PROMPT>
Where a line below holds the string "Defs", that line goes into the answer.

[TASK MATERIAL Boundary: Start]

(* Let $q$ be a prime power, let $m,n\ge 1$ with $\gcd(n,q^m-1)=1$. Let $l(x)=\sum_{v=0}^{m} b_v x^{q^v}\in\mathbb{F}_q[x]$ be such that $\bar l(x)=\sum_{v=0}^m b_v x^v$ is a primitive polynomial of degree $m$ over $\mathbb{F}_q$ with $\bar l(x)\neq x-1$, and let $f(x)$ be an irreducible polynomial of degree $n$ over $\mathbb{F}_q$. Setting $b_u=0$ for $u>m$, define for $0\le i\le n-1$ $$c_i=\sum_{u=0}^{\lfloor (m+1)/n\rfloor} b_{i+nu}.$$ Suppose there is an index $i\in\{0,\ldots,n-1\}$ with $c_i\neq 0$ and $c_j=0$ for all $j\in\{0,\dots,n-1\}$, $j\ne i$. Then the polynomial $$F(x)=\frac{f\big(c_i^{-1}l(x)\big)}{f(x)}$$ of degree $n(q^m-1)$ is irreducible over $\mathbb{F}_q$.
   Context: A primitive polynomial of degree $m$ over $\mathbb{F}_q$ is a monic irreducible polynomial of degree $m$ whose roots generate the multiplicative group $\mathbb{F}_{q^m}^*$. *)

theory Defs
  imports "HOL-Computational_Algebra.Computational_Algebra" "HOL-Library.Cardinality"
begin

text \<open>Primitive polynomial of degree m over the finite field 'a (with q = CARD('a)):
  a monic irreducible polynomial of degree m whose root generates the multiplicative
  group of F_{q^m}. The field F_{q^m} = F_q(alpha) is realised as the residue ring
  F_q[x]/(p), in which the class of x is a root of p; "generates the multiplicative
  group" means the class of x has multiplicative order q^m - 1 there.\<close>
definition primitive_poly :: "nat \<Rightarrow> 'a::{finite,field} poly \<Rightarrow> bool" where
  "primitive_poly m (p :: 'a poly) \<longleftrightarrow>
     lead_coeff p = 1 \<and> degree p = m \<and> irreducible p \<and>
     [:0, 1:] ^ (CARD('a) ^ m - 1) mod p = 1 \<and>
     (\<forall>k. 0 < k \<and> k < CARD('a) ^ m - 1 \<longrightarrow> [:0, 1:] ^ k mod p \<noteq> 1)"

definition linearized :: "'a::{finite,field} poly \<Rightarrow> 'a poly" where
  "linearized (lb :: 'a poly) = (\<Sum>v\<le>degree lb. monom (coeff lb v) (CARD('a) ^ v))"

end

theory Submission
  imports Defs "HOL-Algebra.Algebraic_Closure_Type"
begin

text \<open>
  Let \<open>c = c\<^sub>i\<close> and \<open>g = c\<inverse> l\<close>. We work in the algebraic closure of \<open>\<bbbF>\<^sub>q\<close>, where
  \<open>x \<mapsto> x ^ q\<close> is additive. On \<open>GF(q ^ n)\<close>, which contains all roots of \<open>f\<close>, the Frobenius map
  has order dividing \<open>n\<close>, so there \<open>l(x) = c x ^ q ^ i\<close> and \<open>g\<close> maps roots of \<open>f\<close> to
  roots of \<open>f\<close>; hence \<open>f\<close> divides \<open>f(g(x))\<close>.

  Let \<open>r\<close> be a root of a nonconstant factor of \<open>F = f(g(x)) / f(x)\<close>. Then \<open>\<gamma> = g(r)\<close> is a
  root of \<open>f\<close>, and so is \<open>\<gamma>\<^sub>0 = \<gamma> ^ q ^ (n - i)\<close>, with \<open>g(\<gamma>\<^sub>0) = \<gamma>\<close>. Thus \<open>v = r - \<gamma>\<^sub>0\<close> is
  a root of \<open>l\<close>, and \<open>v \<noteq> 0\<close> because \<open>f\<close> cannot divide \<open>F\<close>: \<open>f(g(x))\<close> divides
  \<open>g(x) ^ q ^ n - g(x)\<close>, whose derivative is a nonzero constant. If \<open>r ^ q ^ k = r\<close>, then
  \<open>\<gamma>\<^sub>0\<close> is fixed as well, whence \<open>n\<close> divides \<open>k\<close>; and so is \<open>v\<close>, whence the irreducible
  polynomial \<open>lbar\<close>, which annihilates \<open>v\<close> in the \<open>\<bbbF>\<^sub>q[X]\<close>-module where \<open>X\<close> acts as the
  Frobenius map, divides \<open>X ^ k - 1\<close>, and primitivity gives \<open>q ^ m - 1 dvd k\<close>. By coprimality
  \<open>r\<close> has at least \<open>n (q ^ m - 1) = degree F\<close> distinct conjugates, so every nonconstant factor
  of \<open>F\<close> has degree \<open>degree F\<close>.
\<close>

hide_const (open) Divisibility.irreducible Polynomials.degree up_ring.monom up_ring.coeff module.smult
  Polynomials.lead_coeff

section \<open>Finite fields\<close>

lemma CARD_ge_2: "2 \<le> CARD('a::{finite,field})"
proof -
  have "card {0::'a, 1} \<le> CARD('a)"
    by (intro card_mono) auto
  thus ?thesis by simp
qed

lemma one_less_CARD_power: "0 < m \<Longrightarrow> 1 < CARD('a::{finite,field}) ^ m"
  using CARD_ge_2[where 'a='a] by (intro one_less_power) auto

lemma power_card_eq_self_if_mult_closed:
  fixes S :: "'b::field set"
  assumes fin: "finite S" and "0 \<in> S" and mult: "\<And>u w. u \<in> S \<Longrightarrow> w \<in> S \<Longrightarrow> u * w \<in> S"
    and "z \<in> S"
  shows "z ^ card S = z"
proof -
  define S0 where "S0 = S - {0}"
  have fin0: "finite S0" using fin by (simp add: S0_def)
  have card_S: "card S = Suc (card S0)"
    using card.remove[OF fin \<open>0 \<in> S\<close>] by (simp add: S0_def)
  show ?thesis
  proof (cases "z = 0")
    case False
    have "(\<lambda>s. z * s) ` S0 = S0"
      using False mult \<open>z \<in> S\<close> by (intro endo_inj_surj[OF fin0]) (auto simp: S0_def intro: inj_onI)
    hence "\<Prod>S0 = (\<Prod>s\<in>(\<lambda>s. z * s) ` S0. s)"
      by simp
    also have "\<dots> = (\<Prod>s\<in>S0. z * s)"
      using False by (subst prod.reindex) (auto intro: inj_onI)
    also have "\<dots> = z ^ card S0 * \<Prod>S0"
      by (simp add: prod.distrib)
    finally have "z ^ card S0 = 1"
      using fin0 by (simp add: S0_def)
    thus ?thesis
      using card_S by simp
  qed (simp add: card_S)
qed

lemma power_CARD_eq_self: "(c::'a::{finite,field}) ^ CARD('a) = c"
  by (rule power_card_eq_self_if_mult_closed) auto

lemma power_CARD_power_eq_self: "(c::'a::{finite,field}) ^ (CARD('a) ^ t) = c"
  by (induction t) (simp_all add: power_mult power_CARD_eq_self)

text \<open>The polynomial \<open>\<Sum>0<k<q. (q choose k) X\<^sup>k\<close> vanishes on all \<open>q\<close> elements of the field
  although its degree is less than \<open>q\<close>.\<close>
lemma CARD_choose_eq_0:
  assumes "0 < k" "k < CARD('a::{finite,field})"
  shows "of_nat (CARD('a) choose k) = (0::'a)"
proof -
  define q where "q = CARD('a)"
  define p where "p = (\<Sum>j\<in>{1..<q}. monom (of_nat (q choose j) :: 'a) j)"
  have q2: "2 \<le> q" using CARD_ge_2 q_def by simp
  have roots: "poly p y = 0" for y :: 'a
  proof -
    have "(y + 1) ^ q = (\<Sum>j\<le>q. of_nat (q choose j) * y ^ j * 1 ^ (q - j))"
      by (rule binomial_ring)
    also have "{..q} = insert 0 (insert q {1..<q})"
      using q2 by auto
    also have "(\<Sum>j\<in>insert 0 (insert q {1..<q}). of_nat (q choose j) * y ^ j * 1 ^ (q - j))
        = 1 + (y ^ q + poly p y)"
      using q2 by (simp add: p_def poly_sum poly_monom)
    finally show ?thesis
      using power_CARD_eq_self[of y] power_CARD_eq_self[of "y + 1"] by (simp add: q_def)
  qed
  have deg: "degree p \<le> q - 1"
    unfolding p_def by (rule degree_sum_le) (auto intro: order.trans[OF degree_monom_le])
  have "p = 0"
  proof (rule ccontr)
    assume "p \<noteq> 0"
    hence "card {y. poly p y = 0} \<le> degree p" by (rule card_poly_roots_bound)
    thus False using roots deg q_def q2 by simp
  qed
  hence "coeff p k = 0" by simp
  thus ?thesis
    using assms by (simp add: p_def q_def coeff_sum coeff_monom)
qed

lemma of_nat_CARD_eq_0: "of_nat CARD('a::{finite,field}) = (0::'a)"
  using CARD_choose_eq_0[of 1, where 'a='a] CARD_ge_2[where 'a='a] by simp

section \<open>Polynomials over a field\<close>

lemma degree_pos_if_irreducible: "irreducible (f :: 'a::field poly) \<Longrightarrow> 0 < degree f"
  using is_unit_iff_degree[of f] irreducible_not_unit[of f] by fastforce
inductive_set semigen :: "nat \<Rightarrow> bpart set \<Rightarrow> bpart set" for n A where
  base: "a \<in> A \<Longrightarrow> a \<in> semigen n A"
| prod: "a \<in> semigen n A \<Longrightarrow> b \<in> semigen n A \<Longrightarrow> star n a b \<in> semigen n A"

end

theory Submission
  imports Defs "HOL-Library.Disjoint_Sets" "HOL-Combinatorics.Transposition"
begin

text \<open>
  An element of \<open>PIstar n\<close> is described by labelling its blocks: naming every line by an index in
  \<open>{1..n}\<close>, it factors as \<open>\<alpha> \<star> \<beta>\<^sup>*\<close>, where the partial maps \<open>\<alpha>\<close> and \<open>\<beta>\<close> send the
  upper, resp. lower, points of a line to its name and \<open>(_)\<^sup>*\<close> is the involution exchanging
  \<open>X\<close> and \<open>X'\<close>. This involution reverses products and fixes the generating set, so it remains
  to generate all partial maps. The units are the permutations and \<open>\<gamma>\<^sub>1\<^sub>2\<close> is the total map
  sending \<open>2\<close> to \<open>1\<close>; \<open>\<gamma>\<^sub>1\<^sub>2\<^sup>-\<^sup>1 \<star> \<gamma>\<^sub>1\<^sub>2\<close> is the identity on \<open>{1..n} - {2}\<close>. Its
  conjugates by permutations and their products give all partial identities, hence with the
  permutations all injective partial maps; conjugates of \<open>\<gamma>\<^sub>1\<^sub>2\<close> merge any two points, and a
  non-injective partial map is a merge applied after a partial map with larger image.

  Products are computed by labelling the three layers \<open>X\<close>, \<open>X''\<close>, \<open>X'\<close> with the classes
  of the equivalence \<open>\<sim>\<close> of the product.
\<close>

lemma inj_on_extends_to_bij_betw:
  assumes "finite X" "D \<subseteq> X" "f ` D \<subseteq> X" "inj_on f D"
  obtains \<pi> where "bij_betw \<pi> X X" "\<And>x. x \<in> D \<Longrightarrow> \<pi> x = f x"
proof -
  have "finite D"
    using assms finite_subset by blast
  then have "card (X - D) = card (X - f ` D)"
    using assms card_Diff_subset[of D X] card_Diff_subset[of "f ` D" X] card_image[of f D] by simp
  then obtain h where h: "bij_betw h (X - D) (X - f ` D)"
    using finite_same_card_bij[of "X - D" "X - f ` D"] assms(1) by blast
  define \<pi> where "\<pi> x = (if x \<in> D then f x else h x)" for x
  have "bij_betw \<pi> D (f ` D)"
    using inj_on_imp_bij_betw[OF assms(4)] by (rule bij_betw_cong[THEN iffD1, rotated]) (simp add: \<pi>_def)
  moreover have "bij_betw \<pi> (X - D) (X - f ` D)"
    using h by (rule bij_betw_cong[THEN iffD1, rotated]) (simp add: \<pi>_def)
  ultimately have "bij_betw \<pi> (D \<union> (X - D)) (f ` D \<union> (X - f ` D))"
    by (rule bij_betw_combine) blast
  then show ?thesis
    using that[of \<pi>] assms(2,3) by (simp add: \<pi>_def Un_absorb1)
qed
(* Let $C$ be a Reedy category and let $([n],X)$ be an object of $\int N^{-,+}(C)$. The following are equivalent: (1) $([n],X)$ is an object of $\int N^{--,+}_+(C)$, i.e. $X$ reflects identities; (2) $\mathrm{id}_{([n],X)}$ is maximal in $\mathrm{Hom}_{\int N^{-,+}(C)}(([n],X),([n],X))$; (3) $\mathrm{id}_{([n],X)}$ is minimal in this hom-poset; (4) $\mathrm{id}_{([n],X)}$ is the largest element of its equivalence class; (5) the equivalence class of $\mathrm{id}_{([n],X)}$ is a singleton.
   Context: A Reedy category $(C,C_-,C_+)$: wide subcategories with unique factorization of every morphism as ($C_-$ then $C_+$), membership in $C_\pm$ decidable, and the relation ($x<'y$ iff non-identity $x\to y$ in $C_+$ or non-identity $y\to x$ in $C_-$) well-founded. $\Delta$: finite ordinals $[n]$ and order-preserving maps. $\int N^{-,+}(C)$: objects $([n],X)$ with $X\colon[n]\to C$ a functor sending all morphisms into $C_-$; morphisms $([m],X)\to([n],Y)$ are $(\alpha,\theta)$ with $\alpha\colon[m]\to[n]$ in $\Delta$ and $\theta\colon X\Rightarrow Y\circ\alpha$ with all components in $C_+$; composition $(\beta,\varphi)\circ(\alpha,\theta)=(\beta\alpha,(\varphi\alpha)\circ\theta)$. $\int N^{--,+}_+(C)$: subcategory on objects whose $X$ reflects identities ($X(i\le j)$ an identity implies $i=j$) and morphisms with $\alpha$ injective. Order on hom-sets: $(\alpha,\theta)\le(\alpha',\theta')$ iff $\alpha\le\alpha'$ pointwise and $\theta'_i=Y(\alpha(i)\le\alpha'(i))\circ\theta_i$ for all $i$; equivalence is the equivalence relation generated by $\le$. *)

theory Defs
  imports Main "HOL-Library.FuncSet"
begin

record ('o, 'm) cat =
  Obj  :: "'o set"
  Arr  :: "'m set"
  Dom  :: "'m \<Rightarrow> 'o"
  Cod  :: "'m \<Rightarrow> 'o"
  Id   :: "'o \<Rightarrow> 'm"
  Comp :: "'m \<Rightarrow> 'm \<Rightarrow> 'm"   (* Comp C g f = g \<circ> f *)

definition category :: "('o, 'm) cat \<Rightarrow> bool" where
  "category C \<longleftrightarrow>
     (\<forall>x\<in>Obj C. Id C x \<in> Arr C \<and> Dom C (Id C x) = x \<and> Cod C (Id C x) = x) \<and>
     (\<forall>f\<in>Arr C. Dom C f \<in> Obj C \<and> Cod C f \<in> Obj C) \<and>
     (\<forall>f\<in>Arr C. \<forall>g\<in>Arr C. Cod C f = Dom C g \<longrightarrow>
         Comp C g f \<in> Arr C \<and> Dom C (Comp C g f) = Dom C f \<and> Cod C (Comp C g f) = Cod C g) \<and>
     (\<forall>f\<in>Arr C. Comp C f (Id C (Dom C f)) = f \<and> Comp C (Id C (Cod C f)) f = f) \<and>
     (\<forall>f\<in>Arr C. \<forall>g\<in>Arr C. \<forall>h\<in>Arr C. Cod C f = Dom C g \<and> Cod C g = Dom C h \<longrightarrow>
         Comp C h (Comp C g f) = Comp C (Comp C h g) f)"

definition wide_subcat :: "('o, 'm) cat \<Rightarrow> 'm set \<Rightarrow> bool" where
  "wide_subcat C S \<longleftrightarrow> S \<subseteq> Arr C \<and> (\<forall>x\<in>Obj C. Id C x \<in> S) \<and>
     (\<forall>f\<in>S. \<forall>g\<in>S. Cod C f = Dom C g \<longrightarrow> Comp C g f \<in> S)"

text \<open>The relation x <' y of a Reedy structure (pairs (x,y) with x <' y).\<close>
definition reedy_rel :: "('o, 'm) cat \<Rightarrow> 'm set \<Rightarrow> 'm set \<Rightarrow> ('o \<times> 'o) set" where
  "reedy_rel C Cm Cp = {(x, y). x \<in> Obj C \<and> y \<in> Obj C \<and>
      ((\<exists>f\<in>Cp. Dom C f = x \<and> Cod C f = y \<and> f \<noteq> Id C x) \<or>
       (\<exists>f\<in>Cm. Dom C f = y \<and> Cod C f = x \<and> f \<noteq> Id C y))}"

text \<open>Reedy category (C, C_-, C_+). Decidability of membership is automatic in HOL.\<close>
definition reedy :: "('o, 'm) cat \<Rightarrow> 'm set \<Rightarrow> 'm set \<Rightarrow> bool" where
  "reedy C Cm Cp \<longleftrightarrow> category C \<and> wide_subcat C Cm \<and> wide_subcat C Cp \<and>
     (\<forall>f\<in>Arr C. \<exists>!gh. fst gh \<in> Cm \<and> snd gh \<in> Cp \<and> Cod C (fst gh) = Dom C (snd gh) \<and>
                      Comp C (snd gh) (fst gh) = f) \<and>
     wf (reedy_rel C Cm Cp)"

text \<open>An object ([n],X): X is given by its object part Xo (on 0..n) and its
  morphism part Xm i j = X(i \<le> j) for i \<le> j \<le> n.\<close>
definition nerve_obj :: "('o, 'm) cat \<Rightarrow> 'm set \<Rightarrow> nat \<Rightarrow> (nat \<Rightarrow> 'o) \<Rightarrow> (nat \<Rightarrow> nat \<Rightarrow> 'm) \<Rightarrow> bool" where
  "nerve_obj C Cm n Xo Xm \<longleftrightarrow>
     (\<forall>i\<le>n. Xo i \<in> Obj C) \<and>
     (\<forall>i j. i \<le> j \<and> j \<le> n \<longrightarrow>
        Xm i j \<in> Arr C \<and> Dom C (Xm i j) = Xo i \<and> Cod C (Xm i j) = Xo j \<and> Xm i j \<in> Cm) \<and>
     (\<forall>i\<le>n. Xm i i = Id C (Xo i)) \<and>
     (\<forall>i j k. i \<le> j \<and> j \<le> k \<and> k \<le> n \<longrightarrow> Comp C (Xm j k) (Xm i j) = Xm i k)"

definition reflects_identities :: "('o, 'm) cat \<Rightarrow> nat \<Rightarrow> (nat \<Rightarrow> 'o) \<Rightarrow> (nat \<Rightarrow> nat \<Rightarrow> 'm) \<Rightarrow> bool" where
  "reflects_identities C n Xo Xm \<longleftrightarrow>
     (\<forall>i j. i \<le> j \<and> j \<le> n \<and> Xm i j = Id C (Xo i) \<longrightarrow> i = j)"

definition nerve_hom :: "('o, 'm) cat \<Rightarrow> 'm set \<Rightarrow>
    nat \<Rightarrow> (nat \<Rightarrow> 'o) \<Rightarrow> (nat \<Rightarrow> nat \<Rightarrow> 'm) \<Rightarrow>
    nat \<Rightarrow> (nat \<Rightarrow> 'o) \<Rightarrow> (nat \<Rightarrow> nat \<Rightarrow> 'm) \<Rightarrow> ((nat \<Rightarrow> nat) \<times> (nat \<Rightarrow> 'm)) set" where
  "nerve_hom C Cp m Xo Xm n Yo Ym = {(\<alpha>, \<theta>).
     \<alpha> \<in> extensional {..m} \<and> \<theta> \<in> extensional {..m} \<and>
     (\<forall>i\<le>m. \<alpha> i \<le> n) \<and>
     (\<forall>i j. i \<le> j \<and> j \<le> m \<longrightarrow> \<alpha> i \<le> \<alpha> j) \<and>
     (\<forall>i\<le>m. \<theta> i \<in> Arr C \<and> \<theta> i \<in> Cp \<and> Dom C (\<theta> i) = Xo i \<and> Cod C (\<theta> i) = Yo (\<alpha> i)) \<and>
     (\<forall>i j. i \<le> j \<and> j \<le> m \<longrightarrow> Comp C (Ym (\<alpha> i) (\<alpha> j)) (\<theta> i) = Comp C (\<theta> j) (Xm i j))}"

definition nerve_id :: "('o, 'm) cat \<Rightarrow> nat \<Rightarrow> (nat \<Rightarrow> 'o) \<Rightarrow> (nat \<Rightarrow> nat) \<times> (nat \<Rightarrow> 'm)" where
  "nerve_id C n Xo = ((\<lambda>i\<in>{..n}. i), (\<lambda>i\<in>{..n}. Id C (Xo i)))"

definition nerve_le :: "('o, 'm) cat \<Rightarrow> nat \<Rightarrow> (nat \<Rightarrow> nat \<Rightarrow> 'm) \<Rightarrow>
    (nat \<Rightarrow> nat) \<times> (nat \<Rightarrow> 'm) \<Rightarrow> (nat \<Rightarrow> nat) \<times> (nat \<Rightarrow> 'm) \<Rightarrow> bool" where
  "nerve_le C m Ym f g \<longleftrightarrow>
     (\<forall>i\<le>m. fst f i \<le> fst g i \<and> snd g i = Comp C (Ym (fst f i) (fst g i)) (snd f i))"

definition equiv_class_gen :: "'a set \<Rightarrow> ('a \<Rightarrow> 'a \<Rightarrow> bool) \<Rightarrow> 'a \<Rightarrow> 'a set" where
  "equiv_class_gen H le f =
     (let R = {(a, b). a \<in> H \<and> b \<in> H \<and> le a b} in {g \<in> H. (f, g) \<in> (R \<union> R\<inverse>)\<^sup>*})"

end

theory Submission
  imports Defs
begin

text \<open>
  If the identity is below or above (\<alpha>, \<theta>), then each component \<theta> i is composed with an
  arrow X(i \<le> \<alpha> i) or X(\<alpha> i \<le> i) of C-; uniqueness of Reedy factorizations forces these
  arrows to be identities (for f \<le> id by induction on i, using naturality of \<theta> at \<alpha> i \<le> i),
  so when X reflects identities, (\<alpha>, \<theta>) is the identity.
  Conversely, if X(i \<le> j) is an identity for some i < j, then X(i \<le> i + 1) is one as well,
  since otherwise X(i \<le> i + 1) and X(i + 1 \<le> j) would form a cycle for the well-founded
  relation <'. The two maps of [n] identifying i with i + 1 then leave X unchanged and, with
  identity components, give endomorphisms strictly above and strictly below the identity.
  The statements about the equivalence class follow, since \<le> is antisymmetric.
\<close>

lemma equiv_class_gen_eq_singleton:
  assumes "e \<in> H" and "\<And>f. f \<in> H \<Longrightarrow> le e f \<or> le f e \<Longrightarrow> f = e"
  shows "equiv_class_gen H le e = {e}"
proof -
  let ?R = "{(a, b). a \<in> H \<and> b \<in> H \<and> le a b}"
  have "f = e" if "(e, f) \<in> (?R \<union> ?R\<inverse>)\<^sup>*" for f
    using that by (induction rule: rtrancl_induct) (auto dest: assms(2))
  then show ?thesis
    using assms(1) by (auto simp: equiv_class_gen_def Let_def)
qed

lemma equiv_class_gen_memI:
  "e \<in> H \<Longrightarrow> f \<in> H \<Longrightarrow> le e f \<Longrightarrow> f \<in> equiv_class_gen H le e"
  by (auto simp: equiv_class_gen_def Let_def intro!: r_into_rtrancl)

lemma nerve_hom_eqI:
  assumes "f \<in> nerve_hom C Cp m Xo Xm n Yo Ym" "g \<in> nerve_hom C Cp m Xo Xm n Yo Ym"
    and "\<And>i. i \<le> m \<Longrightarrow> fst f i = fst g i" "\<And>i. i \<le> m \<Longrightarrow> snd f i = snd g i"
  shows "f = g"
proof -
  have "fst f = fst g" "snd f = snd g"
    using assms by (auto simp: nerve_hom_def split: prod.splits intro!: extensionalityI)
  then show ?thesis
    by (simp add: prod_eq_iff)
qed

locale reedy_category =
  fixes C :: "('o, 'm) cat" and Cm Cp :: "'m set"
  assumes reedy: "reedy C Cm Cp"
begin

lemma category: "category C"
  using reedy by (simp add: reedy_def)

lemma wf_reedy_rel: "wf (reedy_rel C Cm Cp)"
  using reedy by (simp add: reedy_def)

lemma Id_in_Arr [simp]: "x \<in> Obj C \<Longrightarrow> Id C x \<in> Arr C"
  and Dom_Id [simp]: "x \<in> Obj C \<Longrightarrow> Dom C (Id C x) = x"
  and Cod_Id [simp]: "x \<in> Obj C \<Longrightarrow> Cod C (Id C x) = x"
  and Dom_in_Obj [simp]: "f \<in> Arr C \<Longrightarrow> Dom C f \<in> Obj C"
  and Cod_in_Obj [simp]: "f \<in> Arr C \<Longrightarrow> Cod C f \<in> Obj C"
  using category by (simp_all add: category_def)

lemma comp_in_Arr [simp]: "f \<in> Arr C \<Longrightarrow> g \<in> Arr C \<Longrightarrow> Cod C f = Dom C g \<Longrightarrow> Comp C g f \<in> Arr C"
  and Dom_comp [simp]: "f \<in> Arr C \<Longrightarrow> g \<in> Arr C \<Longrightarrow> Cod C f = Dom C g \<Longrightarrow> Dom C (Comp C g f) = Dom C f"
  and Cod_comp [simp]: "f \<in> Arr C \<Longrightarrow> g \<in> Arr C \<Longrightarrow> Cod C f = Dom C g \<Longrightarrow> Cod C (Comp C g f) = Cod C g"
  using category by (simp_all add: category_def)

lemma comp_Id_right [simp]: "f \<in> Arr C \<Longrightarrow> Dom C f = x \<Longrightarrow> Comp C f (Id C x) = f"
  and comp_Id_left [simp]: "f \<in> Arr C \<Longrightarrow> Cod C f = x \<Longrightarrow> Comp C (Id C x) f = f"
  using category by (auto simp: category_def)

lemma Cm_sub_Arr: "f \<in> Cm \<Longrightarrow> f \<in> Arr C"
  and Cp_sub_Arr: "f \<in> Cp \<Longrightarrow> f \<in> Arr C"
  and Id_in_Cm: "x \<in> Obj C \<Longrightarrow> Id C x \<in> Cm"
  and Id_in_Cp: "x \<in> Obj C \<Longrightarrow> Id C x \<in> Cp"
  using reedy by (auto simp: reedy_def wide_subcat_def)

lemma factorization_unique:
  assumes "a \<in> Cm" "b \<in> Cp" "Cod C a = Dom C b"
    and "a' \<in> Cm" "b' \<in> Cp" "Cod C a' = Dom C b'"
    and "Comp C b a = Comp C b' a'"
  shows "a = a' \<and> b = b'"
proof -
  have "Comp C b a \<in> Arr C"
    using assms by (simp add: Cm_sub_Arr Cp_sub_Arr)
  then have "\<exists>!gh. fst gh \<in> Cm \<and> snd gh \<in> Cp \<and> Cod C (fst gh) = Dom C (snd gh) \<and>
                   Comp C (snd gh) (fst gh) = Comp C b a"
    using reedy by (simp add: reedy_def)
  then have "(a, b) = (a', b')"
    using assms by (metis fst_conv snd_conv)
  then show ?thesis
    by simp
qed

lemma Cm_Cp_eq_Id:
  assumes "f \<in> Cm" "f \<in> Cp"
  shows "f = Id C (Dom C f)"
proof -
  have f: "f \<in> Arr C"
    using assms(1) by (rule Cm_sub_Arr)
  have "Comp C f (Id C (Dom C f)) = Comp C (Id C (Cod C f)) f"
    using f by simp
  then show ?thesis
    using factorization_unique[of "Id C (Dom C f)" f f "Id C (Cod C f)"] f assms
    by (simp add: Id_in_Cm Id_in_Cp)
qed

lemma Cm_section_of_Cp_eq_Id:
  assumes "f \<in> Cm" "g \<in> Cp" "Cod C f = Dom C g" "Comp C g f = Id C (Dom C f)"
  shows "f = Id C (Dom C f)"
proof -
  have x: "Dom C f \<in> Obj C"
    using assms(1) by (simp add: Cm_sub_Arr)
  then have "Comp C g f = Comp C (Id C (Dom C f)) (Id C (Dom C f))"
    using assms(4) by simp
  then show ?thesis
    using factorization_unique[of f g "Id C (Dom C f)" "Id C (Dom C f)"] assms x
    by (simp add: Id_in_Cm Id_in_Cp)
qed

[TASK MATERIAL Boundary: End]

OUTPUT OF THE EXERCISE>
theory Defs
  imports Defs "HOL-Algebra.Algebraic_Closure_Type"
  imports Defs "HOL-Library.Disjoint_Sets" "HOL-Combinatorics.Transposition"
theory Defs
  imports Defs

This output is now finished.